START Records for this task

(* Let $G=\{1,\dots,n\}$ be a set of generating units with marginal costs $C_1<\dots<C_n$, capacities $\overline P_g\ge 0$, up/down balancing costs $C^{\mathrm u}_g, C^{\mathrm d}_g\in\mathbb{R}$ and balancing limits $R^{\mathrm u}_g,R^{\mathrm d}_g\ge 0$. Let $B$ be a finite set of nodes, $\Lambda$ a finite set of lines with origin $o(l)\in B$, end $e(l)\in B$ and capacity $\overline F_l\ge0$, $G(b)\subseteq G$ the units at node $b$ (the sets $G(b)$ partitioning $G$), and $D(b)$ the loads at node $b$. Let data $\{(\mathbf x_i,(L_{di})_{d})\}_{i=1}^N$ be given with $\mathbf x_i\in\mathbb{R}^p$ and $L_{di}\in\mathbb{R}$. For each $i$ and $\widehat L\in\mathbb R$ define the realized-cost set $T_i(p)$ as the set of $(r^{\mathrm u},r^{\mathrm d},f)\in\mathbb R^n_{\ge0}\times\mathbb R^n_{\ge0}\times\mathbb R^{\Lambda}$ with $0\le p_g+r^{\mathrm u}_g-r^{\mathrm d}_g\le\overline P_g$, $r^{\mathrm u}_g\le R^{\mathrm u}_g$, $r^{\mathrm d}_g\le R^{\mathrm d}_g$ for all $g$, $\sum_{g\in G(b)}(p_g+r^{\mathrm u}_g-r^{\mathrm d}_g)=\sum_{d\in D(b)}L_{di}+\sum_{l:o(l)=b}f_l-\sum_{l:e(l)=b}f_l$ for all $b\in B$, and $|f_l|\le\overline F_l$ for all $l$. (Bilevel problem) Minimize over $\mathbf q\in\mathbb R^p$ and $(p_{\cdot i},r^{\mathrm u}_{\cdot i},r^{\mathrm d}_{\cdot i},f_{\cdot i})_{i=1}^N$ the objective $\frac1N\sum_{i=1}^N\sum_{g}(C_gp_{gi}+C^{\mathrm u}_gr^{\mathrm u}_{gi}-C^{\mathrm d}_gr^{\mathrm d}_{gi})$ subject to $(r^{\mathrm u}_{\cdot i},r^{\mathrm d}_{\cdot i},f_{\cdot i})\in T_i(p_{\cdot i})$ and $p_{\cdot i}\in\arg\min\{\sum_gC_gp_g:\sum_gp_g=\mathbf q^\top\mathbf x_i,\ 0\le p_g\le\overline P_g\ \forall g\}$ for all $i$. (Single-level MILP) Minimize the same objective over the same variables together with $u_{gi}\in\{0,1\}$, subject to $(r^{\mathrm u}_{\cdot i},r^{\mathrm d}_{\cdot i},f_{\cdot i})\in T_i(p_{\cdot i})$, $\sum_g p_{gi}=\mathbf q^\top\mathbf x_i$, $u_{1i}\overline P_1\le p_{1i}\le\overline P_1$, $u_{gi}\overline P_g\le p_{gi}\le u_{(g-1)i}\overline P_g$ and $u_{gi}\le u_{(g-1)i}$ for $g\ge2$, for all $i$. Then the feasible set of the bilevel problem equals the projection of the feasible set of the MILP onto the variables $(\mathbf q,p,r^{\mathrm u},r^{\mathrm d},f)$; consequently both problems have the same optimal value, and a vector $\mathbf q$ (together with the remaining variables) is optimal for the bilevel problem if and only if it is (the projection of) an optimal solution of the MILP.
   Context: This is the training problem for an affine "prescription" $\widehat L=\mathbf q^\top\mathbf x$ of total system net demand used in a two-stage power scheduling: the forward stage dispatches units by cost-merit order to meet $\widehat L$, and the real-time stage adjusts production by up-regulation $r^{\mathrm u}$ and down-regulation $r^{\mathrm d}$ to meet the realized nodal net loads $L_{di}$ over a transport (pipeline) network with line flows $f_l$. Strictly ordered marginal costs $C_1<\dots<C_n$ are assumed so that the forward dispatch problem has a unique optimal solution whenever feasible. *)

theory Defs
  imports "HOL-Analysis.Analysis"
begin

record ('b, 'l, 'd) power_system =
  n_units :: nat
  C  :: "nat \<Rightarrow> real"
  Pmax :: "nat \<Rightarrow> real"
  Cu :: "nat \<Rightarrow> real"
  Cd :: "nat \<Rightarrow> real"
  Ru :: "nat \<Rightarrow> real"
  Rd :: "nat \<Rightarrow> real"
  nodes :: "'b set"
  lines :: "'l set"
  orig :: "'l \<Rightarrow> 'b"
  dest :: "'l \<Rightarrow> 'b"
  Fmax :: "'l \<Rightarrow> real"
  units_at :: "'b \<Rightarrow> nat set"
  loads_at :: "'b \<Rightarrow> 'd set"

END Records for this task

#### Exercise requirements:
From the data above, copy out every line with the string "Rightarrow" in it.

#### Answer space:
  C  :: "nat \<Rightarrow> real"
  Pmax :: "nat \<Rightarrow> real"
  Cu :: "nat \<Rightarrow> real"
  Cd :: "nat \<Rightarrow> real"
  Ru :: "nat \<Rightarrow> real"
  Rd :: "nat \<Rightarrow> real"
  orig :: "'l \<Rightarrow> 'b"
  dest :: "'l \<Rightarrow> 'b"
  Fmax :: "'l \<Rightarrow> real"
  units_at :: "'b \<Rightarrow> nat set"
  loads_at :: "'b \<Rightarrow> 'd set"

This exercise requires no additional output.